(Collected data entries)
++++++++++++++++++++
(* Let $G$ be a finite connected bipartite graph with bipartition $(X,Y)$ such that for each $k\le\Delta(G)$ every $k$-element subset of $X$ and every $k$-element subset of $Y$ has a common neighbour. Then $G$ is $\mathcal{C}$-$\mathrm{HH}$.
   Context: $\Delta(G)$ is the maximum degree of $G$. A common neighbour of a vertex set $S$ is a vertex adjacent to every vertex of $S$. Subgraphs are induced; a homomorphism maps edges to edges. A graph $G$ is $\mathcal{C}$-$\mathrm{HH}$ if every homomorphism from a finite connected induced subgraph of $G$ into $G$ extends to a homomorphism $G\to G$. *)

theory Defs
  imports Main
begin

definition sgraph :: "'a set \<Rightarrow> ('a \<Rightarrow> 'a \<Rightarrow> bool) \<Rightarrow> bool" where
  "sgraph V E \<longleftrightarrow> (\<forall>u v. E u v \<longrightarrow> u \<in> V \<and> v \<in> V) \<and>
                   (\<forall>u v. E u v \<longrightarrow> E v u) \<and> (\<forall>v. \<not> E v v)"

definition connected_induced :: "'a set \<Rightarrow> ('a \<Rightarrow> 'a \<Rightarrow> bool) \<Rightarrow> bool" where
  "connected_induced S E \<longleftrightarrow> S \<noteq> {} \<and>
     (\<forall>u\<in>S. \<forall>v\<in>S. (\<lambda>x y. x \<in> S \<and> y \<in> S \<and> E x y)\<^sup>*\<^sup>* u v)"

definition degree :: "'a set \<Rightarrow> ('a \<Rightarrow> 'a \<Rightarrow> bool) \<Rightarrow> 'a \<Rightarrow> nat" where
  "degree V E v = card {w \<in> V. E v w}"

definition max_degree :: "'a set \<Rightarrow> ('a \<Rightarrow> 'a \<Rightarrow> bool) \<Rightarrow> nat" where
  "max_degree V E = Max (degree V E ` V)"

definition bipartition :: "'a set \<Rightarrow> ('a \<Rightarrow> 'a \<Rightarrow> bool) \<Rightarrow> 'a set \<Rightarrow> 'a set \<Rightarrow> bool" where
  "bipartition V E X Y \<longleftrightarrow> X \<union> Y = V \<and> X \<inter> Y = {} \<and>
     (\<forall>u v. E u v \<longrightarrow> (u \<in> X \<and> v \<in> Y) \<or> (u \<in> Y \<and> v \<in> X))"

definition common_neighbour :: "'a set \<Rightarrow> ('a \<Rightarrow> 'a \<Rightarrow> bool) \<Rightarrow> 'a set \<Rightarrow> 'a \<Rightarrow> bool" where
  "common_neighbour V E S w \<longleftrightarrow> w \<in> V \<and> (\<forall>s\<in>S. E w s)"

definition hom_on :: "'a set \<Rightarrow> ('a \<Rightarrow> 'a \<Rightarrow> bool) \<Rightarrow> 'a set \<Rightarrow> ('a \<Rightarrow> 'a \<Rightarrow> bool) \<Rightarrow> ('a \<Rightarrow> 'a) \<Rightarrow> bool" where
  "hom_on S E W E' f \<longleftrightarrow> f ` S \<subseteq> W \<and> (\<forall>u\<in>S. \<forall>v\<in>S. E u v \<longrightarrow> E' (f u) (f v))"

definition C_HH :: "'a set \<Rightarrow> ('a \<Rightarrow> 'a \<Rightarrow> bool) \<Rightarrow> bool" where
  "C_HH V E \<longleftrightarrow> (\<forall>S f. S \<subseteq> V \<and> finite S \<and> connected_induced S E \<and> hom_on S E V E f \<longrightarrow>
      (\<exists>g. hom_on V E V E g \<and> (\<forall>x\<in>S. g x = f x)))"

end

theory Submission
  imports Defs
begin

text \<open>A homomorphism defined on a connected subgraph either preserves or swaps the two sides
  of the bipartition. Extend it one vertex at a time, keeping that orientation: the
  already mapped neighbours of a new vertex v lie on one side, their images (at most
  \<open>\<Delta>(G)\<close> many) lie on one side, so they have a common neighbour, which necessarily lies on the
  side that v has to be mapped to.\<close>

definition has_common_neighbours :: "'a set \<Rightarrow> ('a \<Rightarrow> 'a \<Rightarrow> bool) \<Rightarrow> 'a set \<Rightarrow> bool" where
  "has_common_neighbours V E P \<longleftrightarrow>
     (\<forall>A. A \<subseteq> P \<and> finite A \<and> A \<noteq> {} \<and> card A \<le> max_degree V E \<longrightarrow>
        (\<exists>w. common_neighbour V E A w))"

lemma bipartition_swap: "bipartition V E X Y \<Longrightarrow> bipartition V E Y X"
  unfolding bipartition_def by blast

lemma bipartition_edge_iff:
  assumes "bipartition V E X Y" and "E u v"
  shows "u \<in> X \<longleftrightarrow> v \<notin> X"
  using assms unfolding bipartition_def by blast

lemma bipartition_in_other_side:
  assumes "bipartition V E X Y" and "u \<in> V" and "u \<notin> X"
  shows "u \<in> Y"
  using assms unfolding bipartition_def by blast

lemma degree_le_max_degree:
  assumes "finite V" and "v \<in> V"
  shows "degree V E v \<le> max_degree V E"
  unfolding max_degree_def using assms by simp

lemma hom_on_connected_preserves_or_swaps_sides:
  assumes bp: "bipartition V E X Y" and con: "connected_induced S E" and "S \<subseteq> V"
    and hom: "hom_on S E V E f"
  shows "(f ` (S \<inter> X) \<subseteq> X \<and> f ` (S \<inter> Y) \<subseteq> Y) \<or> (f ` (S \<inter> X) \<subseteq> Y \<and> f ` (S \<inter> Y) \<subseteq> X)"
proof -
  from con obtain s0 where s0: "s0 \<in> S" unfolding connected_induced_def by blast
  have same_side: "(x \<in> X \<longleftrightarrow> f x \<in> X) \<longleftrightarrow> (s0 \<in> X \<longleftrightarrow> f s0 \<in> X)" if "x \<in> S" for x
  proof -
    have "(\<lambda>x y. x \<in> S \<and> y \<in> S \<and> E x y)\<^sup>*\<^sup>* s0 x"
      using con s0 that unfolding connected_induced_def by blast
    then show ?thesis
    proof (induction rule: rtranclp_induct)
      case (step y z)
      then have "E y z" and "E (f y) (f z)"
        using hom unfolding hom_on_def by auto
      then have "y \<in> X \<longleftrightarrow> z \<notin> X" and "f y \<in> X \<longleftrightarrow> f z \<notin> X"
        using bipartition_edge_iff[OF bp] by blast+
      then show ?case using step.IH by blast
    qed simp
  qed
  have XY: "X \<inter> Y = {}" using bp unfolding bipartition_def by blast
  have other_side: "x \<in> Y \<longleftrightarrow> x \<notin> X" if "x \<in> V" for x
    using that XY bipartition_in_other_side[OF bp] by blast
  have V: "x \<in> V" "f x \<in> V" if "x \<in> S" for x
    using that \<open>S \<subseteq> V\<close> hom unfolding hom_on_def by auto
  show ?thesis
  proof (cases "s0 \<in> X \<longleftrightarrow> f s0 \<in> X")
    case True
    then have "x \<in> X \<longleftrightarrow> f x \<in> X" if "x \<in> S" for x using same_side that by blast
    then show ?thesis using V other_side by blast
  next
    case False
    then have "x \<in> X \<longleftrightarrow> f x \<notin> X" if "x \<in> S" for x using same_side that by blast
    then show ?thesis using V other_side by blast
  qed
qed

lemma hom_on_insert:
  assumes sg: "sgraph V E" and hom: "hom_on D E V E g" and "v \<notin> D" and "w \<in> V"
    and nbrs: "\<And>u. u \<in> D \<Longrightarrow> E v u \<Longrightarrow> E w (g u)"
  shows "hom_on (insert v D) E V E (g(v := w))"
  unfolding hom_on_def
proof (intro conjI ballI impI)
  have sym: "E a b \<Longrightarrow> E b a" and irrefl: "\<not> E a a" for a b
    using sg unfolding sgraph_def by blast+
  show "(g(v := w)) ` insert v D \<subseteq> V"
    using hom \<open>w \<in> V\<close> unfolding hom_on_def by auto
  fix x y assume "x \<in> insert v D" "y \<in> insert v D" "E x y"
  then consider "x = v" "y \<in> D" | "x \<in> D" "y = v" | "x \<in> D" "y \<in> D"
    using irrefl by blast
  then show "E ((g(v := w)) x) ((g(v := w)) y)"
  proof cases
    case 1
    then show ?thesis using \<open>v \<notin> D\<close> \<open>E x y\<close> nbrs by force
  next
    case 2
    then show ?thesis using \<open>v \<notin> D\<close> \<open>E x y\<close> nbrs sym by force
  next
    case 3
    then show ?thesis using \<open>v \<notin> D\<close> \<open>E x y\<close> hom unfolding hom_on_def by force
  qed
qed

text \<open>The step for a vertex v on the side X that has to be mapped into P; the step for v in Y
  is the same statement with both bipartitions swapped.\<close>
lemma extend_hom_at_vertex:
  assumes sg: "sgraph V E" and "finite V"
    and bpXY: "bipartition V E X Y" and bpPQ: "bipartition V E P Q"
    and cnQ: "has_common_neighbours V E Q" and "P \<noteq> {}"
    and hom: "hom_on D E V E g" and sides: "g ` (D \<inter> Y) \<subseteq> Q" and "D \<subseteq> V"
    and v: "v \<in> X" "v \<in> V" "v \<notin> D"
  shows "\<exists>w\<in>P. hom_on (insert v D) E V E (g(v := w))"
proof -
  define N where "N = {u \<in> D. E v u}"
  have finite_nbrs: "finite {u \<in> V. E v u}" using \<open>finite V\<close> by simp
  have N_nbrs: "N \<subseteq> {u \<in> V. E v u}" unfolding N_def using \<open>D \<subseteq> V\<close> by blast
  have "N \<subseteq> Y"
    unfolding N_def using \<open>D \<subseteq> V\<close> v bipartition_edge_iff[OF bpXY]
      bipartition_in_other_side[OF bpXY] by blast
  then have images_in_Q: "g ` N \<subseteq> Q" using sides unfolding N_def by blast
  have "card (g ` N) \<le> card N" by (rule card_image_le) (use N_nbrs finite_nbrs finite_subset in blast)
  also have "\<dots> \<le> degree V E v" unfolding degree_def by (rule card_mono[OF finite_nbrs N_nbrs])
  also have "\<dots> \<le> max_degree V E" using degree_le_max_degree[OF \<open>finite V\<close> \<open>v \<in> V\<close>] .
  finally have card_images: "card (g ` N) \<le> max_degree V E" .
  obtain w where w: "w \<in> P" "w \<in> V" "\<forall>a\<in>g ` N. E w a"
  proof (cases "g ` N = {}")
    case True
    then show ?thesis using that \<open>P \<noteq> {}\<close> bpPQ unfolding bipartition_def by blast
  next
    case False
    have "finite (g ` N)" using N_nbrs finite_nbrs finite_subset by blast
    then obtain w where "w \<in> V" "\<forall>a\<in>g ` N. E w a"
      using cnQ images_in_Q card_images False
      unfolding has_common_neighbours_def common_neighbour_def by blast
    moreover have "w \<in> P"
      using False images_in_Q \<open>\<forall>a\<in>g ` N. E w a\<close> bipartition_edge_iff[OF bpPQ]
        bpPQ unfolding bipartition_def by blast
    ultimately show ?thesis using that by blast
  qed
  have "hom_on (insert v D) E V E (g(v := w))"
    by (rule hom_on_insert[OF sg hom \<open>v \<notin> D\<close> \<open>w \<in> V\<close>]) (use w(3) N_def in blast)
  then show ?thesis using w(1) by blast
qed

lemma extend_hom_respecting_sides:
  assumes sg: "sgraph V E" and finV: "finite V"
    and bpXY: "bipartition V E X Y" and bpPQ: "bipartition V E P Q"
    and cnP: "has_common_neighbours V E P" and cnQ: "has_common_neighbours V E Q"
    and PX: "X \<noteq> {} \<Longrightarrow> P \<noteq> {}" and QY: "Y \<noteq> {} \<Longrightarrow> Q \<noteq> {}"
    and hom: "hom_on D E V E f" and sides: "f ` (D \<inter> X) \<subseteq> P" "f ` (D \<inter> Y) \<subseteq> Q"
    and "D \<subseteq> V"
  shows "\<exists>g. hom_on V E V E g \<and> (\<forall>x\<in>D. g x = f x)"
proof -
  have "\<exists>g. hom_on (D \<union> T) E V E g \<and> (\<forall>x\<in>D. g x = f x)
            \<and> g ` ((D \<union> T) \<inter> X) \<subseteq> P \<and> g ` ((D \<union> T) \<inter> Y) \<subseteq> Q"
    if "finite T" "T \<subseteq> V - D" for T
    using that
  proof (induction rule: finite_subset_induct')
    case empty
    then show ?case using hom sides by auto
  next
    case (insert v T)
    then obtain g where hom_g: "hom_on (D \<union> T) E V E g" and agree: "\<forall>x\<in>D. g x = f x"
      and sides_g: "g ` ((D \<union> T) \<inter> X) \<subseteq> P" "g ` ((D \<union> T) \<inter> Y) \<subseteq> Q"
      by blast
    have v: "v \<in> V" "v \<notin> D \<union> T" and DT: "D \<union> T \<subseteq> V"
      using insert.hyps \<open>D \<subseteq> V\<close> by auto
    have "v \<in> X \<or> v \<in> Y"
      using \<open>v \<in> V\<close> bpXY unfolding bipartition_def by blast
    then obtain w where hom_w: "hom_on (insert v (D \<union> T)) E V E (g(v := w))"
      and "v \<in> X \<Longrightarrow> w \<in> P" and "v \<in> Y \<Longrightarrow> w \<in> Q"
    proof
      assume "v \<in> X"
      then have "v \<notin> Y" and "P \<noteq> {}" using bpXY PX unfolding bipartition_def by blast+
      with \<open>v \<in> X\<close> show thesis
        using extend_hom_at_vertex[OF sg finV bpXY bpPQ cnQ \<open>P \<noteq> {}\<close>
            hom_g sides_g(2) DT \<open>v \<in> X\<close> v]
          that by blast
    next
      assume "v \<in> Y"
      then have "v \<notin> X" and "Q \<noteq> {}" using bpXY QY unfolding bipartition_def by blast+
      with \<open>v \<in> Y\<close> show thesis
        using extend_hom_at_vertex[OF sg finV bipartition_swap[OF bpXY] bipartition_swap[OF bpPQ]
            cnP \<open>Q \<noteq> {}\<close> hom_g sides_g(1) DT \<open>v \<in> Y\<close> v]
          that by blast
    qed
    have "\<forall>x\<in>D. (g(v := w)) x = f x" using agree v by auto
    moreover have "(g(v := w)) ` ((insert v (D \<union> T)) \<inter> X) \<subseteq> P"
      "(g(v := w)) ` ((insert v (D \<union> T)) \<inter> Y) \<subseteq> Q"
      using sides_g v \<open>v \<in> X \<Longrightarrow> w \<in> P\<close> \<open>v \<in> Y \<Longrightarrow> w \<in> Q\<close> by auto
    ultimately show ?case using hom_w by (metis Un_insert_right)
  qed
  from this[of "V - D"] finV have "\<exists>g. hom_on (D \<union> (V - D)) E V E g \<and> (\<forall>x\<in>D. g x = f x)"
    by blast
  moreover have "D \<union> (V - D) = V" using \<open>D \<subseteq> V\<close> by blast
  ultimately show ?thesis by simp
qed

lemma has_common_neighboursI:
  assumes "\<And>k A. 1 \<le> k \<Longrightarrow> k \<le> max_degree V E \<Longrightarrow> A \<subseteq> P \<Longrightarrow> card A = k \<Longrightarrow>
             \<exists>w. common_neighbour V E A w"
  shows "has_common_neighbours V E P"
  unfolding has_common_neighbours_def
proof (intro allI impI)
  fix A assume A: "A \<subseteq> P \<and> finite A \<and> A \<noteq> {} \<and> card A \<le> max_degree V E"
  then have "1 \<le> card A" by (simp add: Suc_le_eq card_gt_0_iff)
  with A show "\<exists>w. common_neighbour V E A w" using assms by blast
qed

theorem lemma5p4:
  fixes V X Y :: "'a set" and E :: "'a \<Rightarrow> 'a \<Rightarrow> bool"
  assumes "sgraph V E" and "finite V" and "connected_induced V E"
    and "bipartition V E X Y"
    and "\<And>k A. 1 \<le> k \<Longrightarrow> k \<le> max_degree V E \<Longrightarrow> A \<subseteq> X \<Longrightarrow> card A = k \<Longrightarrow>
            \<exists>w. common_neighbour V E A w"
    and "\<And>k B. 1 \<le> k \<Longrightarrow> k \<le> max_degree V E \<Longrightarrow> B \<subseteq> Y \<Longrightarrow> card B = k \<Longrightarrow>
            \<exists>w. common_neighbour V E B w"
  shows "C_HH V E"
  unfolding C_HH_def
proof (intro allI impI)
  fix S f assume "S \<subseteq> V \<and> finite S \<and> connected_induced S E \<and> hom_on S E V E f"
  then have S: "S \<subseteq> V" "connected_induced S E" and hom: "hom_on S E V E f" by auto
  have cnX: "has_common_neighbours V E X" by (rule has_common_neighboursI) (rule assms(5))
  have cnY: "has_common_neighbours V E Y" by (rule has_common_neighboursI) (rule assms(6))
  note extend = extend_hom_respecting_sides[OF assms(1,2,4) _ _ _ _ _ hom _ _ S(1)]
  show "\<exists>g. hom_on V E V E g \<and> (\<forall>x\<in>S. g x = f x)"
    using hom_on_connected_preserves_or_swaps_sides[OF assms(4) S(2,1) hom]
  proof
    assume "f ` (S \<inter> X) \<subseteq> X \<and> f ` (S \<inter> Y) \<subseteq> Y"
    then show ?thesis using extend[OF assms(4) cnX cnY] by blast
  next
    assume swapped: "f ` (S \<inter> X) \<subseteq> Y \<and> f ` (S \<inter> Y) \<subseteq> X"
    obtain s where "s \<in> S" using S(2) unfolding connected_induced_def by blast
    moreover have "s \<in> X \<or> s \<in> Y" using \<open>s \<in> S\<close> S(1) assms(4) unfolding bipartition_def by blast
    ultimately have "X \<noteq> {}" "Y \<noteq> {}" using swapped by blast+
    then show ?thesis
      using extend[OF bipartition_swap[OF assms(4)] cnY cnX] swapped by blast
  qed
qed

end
++++++++++++++++++++
Instructions to follow:
Where the word "with" shows up in a line of the entries above, copy that line.

Answer section:
(* Let $G$ be a finite connected bipartite graph with bipartition $(X,Y)$ such that for each $k\le\Delta(G)$ every $k$-element subset of $X$ and every $k$-element subset of $Y$ has a common neighbour. Then $G$ is $\mathcal{C}$-$\mathrm{HH}$.
  is the same statement with both bipartitions swapped.\<close>
      with \<open>v \<in> X\<close> show thesis
      with \<open>v \<in> Y\<close> show thesis
  with A show "\<exists>w. common_neighbour V E A w" using assms by blast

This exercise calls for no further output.